The person who had just stepped out from the open French window on to the lawn was certainly no longer little, but a tall, graceful young lady. There was, however, still some trace in her roguish mouth and dancing eyes of the smaller Barbara who had wrought such havoc among her enemies by firing six peas at a time instead of two.

Jack had never before been frightened at Bar, of all people in the world; but now, if Queen Mab had not still retained her hold of his arm, he might very likely have bolted into the shrubbery.

The girl advanced slowly across the lawn, casting inquiring glances, first at the red coat and medals, and then at the bronzed face of the stranger. Then suddenly her mouth opened, and she quickened her pace to a run.

"Oh, you rascal!" she cried. "It's Jack!"

That was all the speech-making Barbara thought necessary in welcoming the returning prodigal; and not caring a straw for bars and ribbons, pipeclay, and "royal tigers," she embraced him in the same hearty manner as she had always done when they met at the commencement of bygone summer holidays.

The dainty tea-table was a great change after the barrack-room. The pretty china cups seemed wonderfully small and fragile compared with the familiar basin; and once Jack found himself absent-mindedly stuffing his serviette into his sleeve, under the impression that it was his handkerchief.

"Why, when was the last time you had tea here?" asked Barbara. "It must have been that summer when Raymond—" She stopped short, but the last word instantly brought to Jack's mind the recollection of that evening when Fosberton had charged him with being a thief.

"By-the-bye," he exclaimed, "I forgot to tell you—I've found the watch."

"Yes, I know," answered Queen Mab quietly. "Valentine gave a full account of it in his letter."

Jack was just going to launch out into a long and forcible tirade on the subject of the theft, but his cousin signed to him across the table to let the matter drop.

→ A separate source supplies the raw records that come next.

(* Let $(X,d)$ be a complete metric space and $(\mathbb{H}(X),h)$ the space of nonempty compact subsets of $X$ with the Hausdorff metric. For each $i\in\mathbb{N}$ let $\mathcal{F}_i=\{X; f_{1,i},\dots,f_{n_i,i}\}$ be a finite family of Lipschitz maps $f_{r,i}:X\to X$, with associated set map $\mathcal{F}_i(A)=\bigcup_{r=1}^{n_i} f_{r,i}(A)$ on $\mathbb{H}(X)$, and let $L_{\mathcal{F}_i}=\max_{1\le r\le n_i}\mathrm{Lip}(f_{r,i})$. Suppose $\lim_{k\to\infty}\prod_{i=1}^k L_{\mathcal{F}_i}=0$. Let $\Phi_k=\mathcal{F}_k\circ\cdots\circ\mathcal{F}_1$ and $\Psi_k=\mathcal{F}_1\circ\cdots\circ\mathcal{F}_k$. Then for all $A,B\in\mathbb{H}(X)$, $h(\Phi_k(A),\Phi_k(B))\to 0$ and $h(\Psi_k(A),\Psi_k(B))\to0$ as $k\to\infty$.
   Context: The Hausdorff metric is $h(B,C)=\max\{d(B,C),d(C,B)\}$ with $d(B,C)=\sup_{b\in B}\inf_{c\in C}d(b,c)$. $\mathrm{Lip}(f)=\sup_{x\ne y}d(f(x),f(y))/d(x,y)$. *)

theory Defs
  imports "HOL-Analysis.Analysis"
begin

definition hexcess :: "'a::metric_space set \<Rightarrow> 'a set \<Rightarrow> real" where
  "hexcess B C = (SUP b\<in>B. infdist b C)"

definition hausdorff :: "'a::metric_space set \<Rightarrow> 'a set \<Rightarrow> real" where
  "hausdorff B C = max (hexcess B C) (hexcess C B)"

text \<open>Lipschitz constant Lip(f) = sup of d(f x, f y)/d(x,y) over x \<noteq> y
  (0 is added to the set only so that the value is 0 on a one-point space).\<close>
definition Lip :: "('a::metric_space \<Rightarrow> 'b::metric_space) \<Rightarrow> real" where
  "Lip f = Sup ({0} \<union> {dist (f x) (f y) / dist x y | x y. x \<noteq> y})"

definition famap :: "(nat \<Rightarrow> nat \<Rightarrow> 'a \<Rightarrow> 'a) \<Rightarrow> (nat \<Rightarrow> nat) \<Rightarrow> nat \<Rightarrow> 'a set \<Rightarrow> 'a set" where
  "famap f n i A = (\<Union>r\<in>{1..n i}. f r i ` A)"

definition famLip :: "(nat \<Rightarrow> nat \<Rightarrow> 'a::metric_space \<Rightarrow> 'a) \<Rightarrow> (nat \<Rightarrow> nat) \<Rightarrow> nat \<Rightarrow> real" where
  "famLip f n i = Max ((\<lambda>r. Lip (f r i)) ` {1..n i})"

fun Phi :: "(nat \<Rightarrow> 'a set \<Rightarrow> 'a set) \<Rightarrow> nat \<Rightarrow> 'a set \<Rightarrow> 'a set" where
  "Phi F 0 A = A"
| "Phi F (Suc k) A = F (Suc k) (Phi F k A)"

fun Psi :: "(nat \<Rightarrow> 'a set \<Rightarrow> 'a set) \<Rightarrow> nat \<Rightarrow> 'a set \<Rightarrow> 'a set" where
  "Psi F 0 A = A"
| "Psi F (Suc k) A = Psi F k (F (Suc k) A)"

end

theory Submission
  imports Defs
begin

text \<open>Each set map \<open>\<F>\<^sub>i\<close> is Lipschitz for the Hausdorff metric with constant \<open>L\<^sub>i\<close>:
  a point \<open>f\<^sub>r(x)\<close> of \<open>\<F>\<^sub>i(A)\<close> is within \<open>Lip(f\<^sub>r) d(x,y)\<close> of \<open>f\<^sub>r(y) \<in> \<F>\<^sub>i(B)\<close>, where
  \<open>y \<in> B\<close> is a nearest point to \<open>x\<close>, so \<open>d(x,y) \<le> h(A,B)\<close>. Composing, \<open>\<Phi>\<^sub>k\<close> and \<open>\<Psi>\<^sub>k\<close>
  are Lipschitz with constant \<open>\<Prod>\<^sub>i\<^sub>\<le>\<^sub>k L\<^sub>i\<close>, which tends to 0.\<close>

lemma infdist_attained_compact:
  fixes C :: "'a::metric_space set"
  assumes "compact C" "C \<noteq> {}"
  obtains y where "y \<in> C" "infdist x C = dist x y"
proof -
  have "continuous_on C (dist x)" by (intro continuous_intros)
  then obtain y where y: "y \<in> C" "\<And>z. z \<in> C \<Longrightarrow> dist x y \<le> dist x z"
    using continuous_attains_inf[OF assms] by blast
  have "infdist x C \<le> dist x y" using y(1) by (rule infdist_le)
  moreover have "dist x y \<le> infdist x C"
    unfolding infdist_def using assms y by (auto intro: cINF_greatest)
  ultimately show ?thesis using that y(1) by auto
qed

lemma infdist_le_hexcess:
  fixes B C :: "'a::metric_space set"
  assumes "compact B" "x \<in> B"
  shows "infdist x C \<le> hexcess B C"
proof -
  have "compact ((\<lambda>b. infdist b C) ` B)"
    by (intro compact_continuous_image continuous_intros assms)
  then have "bdd_above ((\<lambda>b. infdist b C) ` B)"
    by (intro bounded_imp_bdd_above compact_imp_bounded)
  then show ?thesis unfolding hexcess_def using assms by (intro cSUP_upper)
qed

lemma hexcess_leI:
  fixes B C :: "'a::metric_space set"
  assumes "B \<noteq> {}" "\<And>x. x \<in> B \<Longrightarrow> \<exists>y\<in>C. dist x y \<le> e"
  shows "hexcess B C \<le> e"
  unfolding hexcess_def using assms by (auto intro!: cSUP_least intro: infdist_le2)

lemma hausdorff_commute: "hausdorff B C = hausdorff C B"
  unfolding hausdorff_def by simp

lemma hausdorff_nonneg:
  fixes B C :: "'a::metric_space set"
  assumes "compact B" "B \<noteq> {}"
  shows "0 \<le> hausdorff B C"
proof -
  obtain x where "x \<in> B" using assms(2) by blast
  then have "0 \<le> hexcess B C"
    using infdist_le_hexcess[OF assms(1)] infdist_nonneg order_trans by metis
  then show ?thesis unfolding hausdorff_def by linarith
qed

lemma exists_dist_le_hausdorff:
  fixes B C :: "'a::metric_space set"
  assumes "compact B" "compact C" "C \<noteq> {}" "x \<in> B"
  shows "\<exists>y\<in>C. dist x y \<le> hausdorff B C"
proof -
  obtain y where "y \<in> C" "infdist x C = dist x y"
    using infdist_attained_compact[OF assms(2,3)] by blast
  moreover have "infdist x C \<le> hausdorff B C"
    using infdist_le_hexcess[OF assms(1,4), of C] unfolding hausdorff_def by linarith
  ultimately show ?thesis by auto
qed

lemma hexcess_UN_image_le:
  fixes g :: "'i \<Rightarrow> 'a::metric_space \<Rightarrow> 'b::metric_space"
  assumes lip: "\<And>r. r \<in> R \<Longrightarrow> L-lipschitz_on UNIV (g r)" and "R \<noteq> {}"
    and A: "compact A" "A \<noteq> {}" and B: "compact B" "B \<noteq> {}"
  shows "hexcess (\<Union>r\<in>R. g r ` A) (\<Union>r\<in>R. g r ` B) \<le> L * hausdorff A B"
proof (rule hexcess_leI)
  show "(\<Union>r\<in>R. g r ` A) \<noteq> {}" using \<open>R \<noteq> {}\<close> A(2) by blast
  fix z assume "z \<in> (\<Union>r\<in>R. g r ` A)"
  then obtain r x where r: "r \<in> R" and x: "x \<in> A" and z: "z = g r x" by blast
  obtain y where y: "y \<in> B" "dist x y \<le> hausdorff A B"
    using exists_dist_le_hausdorff[OF A(1) B x] by blast
  have "dist z (g r y) \<le> L * dist x y"
    using lipschitz_onD[OF lip[OF r]] z by simp
  also have "\<dots> \<le> L * hausdorff A B"
    using y(2) lipschitz_on_nonneg[OF lip[OF r]] by (rule mult_left_mono)
  finally show "\<exists>w\<in>(\<Union>r\<in>R. g r ` B). dist z w \<le> L * hausdorff A B"
    using y(1) r by blast
qed

lemma hausdorff_UN_image_le:
  fixes g :: "'i \<Rightarrow> 'a::metric_space \<Rightarrow> 'b::metric_space"
  assumes "\<And>r. r \<in> R \<Longrightarrow> L-lipschitz_on UNIV (g r)" "R \<noteq> {}"
    and "compact A" "A \<noteq> {}" "compact B" "B \<noteq> {}"
  shows "hausdorff (\<Union>r\<in>R. g r ` A) (\<Union>r\<in>R. g r ` B) \<le> L * hausdorff A B"
  using hexcess_UN_image_le[OF assms] hexcess_UN_image_le[OF assms(1,2,5,6,3,4)]
  unfolding hausdorff_def[of "\<Union>r\<in>R. g r ` A"] hausdorff_commute[of B A] by simp

text \<open>The 0 in the definition of \<open>Lip\<close> supplies the nonnegativity that
  \<open>lipschitz_on\<close> demands.\<close>

lemma lipschitz_on_Lip:
  fixes g :: "'a::metric_space \<Rightarrow> 'b::metric_space"
  assumes "C-lipschitz_on UNIV g"
  shows "(Lip g)-lipschitz_on UNIV g"
proof -
  let ?S = "{0} \<union> {dist (g x) (g y) / dist x y | x y. x \<noteq> y}"
  have "z \<le> C" if "z \<in> ?S" for z
    using that lipschitz_on_nonneg[OF assms] lipschitz_onD[OF assms]
    by (auto simp: divide_le_eq)
  then have bdd: "bdd_above ?S" by (rule bdd_aboveI)
  show ?thesis
  proof (rule lipschitz_onI)
    show "0 \<le> Lip g" unfolding Lip_def using bdd by (intro cSup_upper) auto
    fix x y :: 'a
    show "dist (g x) (g y) \<le> Lip g * dist x y"
    proof (cases "x = y")
      case False
      then have "dist (g x) (g y) / dist x y \<le> Lip g"
        unfolding Lip_def using bdd by (intro cSup_upper) auto
      then show ?thesis using False by (simp add: divide_le_eq mult.commute)
    qed simp
  qed
qed

locale hausdorff_lipschitz_family =
  fixes F :: "nat \<Rightarrow> 'a::metric_space set \<Rightarrow> 'a set" and L :: "nat \<Rightarrow> real"
  assumes compact_F: "\<And>i A. i \<ge> 1 \<Longrightarrow> compact A \<Longrightarrow> A \<noteq> {} \<Longrightarrow> compact (F i A)"
    and F_nonempty: "\<And>i A. i \<ge> 1 \<Longrightarrow> A \<noteq> {} \<Longrightarrow> F i A \<noteq> {}"
    and L_nonneg: "\<And>i. i \<ge> 1 \<Longrightarrow> 0 \<le> L i"
    and hausdorff_F_le: "\<And>i A B. i \<ge> 1 \<Longrightarrow> compact A \<Longrightarrow> A \<noteq> {} \<Longrightarrow> compact B \<Longrightarrow> B \<noteq> {}
      \<Longrightarrow> hausdorff (F i A) (F i B) \<le> L i * hausdorff A B"
begin

lemma Phi_nonempty_compact:
  assumes "compact A" "A \<noteq> {}"
  shows "compact (Phi F k A) \<and> Phi F k A \<noteq> {}"
  by (induction k) (use assms compact_F F_nonempty in auto)

lemma Psi_nonempty_compact:
  "compact A \<Longrightarrow> A \<noteq> {} \<Longrightarrow> compact (Psi F k A) \<and> Psi F k A \<noteq> {}"
  by (induction k arbitrary: A) (use compact_F F_nonempty in auto)

lemma prod_L_nonneg: "0 \<le> (\<Prod>i=1..k. L i)"
  using L_nonneg by (intro prod_nonneg) auto

lemma hausdorff_Phi_le:
  assumes A: "compact A" "A \<noteq> {}" and B: "compact B" "B \<noteq> {}"
  shows "hausdorff (Phi F k A) (Phi F k B) \<le> (\<Prod>i=1..k. L i) * hausdorff A B"
proof (induction k)
  case (Suc k)
  have "hausdorff (Phi F (Suc k) A) (Phi F (Suc k) B) \<le> L (Suc k) * hausdorff (Phi F k A) (Phi F k B)"
    using hausdorff_F_le Phi_nonempty_compact[OF A] Phi_nonempty_compact[OF B] by simp
  also have "\<dots> \<le> L (Suc k) * ((\<Prod>i=1..k. L i) * hausdorff A B)"
    using Suc.IH L_nonneg by (intro mult_left_mono) auto
  also have "\<dots> = (\<Prod>i=1..Suc k. L i) * hausdorff A B"
    by (simp add: prod.nat_ivl_Suc' mult_ac)
  finally show ?case .
qed simp

lemma hausdorff_Psi_le:
  "compact A \<Longrightarrow> A \<noteq> {} \<Longrightarrow> compact B \<Longrightarrow> B \<noteq> {} \<Longrightarrow>
   hausdorff (Psi F k A) (Psi F k B) \<le> (\<Prod>i=1..k. L i) * hausdorff A B"
proof (induction k arbitrary: A B)
  case (Suc k)
  have "hausdorff (Psi F (Suc k) A) (Psi F (Suc k) B)
      \<le> (\<Prod>i=1..k. L i) * hausdorff (F (Suc k) A) (F (Suc k) B)"
    using Suc compact_F F_nonempty by simp
  also have "\<dots> \<le> (\<Prod>i=1..k. L i) * (L (Suc k) * hausdorff A B)"
    using Suc.prems hausdorff_F_le prod_L_nonneg by (intro mult_left_mono) auto
  also have "\<dots> = (\<Prod>i=1..Suc k. L i) * hausdorff A B"
    by (simp add: prod.nat_ivl_Suc' mult_ac)
  finally show ?case .
qed simp

lemma hausdorff_Phi_Psi_tendsto_0:
  assumes lim: "(\<lambda>k. \<Prod>i=1..k. L i) \<longlonglongrightarrow> 0"
    and A: "compact A" "A \<noteq> {}" and B: "compact B" "B \<noteq> {}"
  shows "(\<lambda>k. hausdorff (Phi F k A) (Phi F k B)) \<longlonglongrightarrow> 0"
    and "(\<lambda>k. hausdorff (Psi F k A) (Psi F k B)) \<longlonglongrightarrow> 0"
proof -
  have bound: "(\<lambda>k. (\<Prod>i=1..k. L i) * hausdorff A B) \<longlonglongrightarrow> 0"
    using tendsto_mult_left_zero[OF lim] .
  show "(\<lambda>k. hausdorff (Phi F k A) (Phi F k B)) \<longlonglongrightarrow> 0"
  proof (rule tendsto_sandwich[OF _ _ tendsto_const bound]; intro always_eventually allI)
    fix k
    show "0 \<le> hausdorff (Phi F k A) (Phi F k B)"
      using Phi_nonempty_compact[OF A] by (intro hausdorff_nonneg) auto
    show "hausdorff (Phi F k A) (Phi F k B) \<le> (\<Prod>i=1..k. L i) * hausdorff A B"
      using A B by (rule hausdorff_Phi_le)
  qed
  show "(\<lambda>k. hausdorff (Psi F k A) (Psi F k B)) \<longlonglongrightarrow> 0"
  proof (rule tendsto_sandwich[OF _ _ tendsto_const bound]; intro always_eventually allI)
    fix k
    show "0 \<le> hausdorff (Psi F k A) (Psi F k B)"
      using Psi_nonempty_compact[OF A] by (intro hausdorff_nonneg) auto
    show "hausdorff (Psi F k A) (Psi F k B) \<le> (\<Prod>i=1..k. L i) * hausdorff A B"
      using A B by (rule hausdorff_Psi_le)
  qed
qed

end

lemma hausdorff_lipschitz_family_famap:
  fixes f :: "nat \<Rightarrow> nat \<Rightarrow> 'a::metric_space \<Rightarrow> 'a"
  assumes n_pos: "\<And>i. i \<ge> 1 \<Longrightarrow> n i \<ge> 1"
    and lip: "\<And>i r. i \<ge> 1 \<Longrightarrow> r \<in> {1..n i} \<Longrightarrow> \<exists>C. C-lipschitz_on UNIV (f r i)"
  shows "hausdorff_lipschitz_family (famap f n) (famLip f n)"
proof -
  have lip_famLip: "(famLip f n i)-lipschitz_on UNIV (f r i)"
    if i: "i \<ge> 1" and r: "r \<in> {1..n i}" for i r
  proof -
    obtain C where "C-lipschitz_on UNIV (f r i)" using lip[OF i r] by blast
    then have "(Lip (f r i))-lipschitz_on UNIV (f r i)" by (rule lipschitz_on_Lip)
    moreover have "Lip (f r i) \<le> famLip f n i"
      unfolding famLip_def using r by (intro Max_ge) auto
    ultimately show ?thesis using lipschitz_on_mono by blast
  qed
  have R: "{1..n i} \<noteq> {}" if "i \<ge> 1" for i using n_pos[OF that] by simp
  show ?thesis
  proof
    fix i :: nat and A B :: "'a set" assume i: "i \<ge> 1"
    show "0 \<le> famLip f n i"
      using lip_famLip[OF i] R[OF i] lipschitz_on_nonneg by blast
    show "A \<noteq> {} \<Longrightarrow> famap f n i A \<noteq> {}"
      unfolding famap_def using R[OF i] by blast
    show "compact (famap f n i A)" if "compact A"
      unfolding famap_def
    proof (intro compact_UN ballI)
      fix r assume "r \<in> {1..n i}"
      then have "continuous_on UNIV (f r i)"
        using lip_famLip[OF i] lipschitz_on_continuous_on by blast
      then show "compact (f r i ` A)"
        using \<open>compact A\<close> continuous_on_subset compact_continuous_image by blast
    qed simp
    show "compact A \<Longrightarrow> A \<noteq> {} \<Longrightarrow> compact B \<Longrightarrow> B \<noteq> {}
        \<Longrightarrow> hausdorff (famap f n i A) (famap f n i B) \<le> famLip f n i * hausdorff A B"
      unfolding famap_def using lip_famLip[OF i] R[OF i] by (rule hausdorff_UN_image_le)
  qed
qed

theorem mainTheorem5:
  fixes f :: "nat \<Rightarrow> nat \<Rightarrow> 'a::{metric_space, complete_space} \<Rightarrow> 'a"
    and n :: "nat \<Rightarrow> nat"
    and A B :: "'a set"
  assumes n_pos: "\<And>i. i \<ge> 1 \<Longrightarrow> n i \<ge> 1"
    and lip: "\<And>i r. i \<ge> 1 \<Longrightarrow> r \<in> {1..n i} \<Longrightarrow> \<exists>C. C-lipschitz_on UNIV (f r i)"
    and prod_lim: "(\<lambda>k. \<Prod>i=1..k. famLip f n i) \<longlonglongrightarrow> 0"
    and A: "compact A" "A \<noteq> {}"
    and B: "compact B" "B \<noteq> {}"
  shows "(\<lambda>k. hausdorff (Phi (famap f n) k A) (Phi (famap f n) k B)) \<longlonglongrightarrow> 0 \<and>
         (\<lambda>k. hausdorff (Psi (famap f n) k A) (Psi (famap f n) k B)) \<longlonglongrightarrow> 0"
proof -
  interpret hausdorff_lipschitz_family "famap f n" "famLip f n"
    using n_pos lip by (rule hausdorff_lipschitz_family_famap)
  show ?thesis using hausdorff_Phi_Psi_tendsto_0[OF prod_lim A B] by blast
qed

end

"Aunt has been in such a dreadful way about it," she explained afterwards. "Only she and ourselves know about it. She doesn't like even to have Raymond's name mentioned. He has turned out a thorough scamp, and has given Uncle Fosberton no end of trouble. Father happened to know the friends of that officer who was killed, and when his things were sent home the watch was returned; so it's back again now in the same old place. Aunt has never told any one, not even Raymond himself, as she doesn't want to bring fresh trouble on his parents."

Later on in the evening, as they sat together in the old, panelled parlour in the soft light of the shaded lamp, the talk turned naturally and sweetly on Valentine—on all that he used to say and do; and Jack told as best he could the story of the desert march, and of that last sad parting on the river's brink. After he had finished, there was a silence; then Barbara picked up the piece of work she had laid down.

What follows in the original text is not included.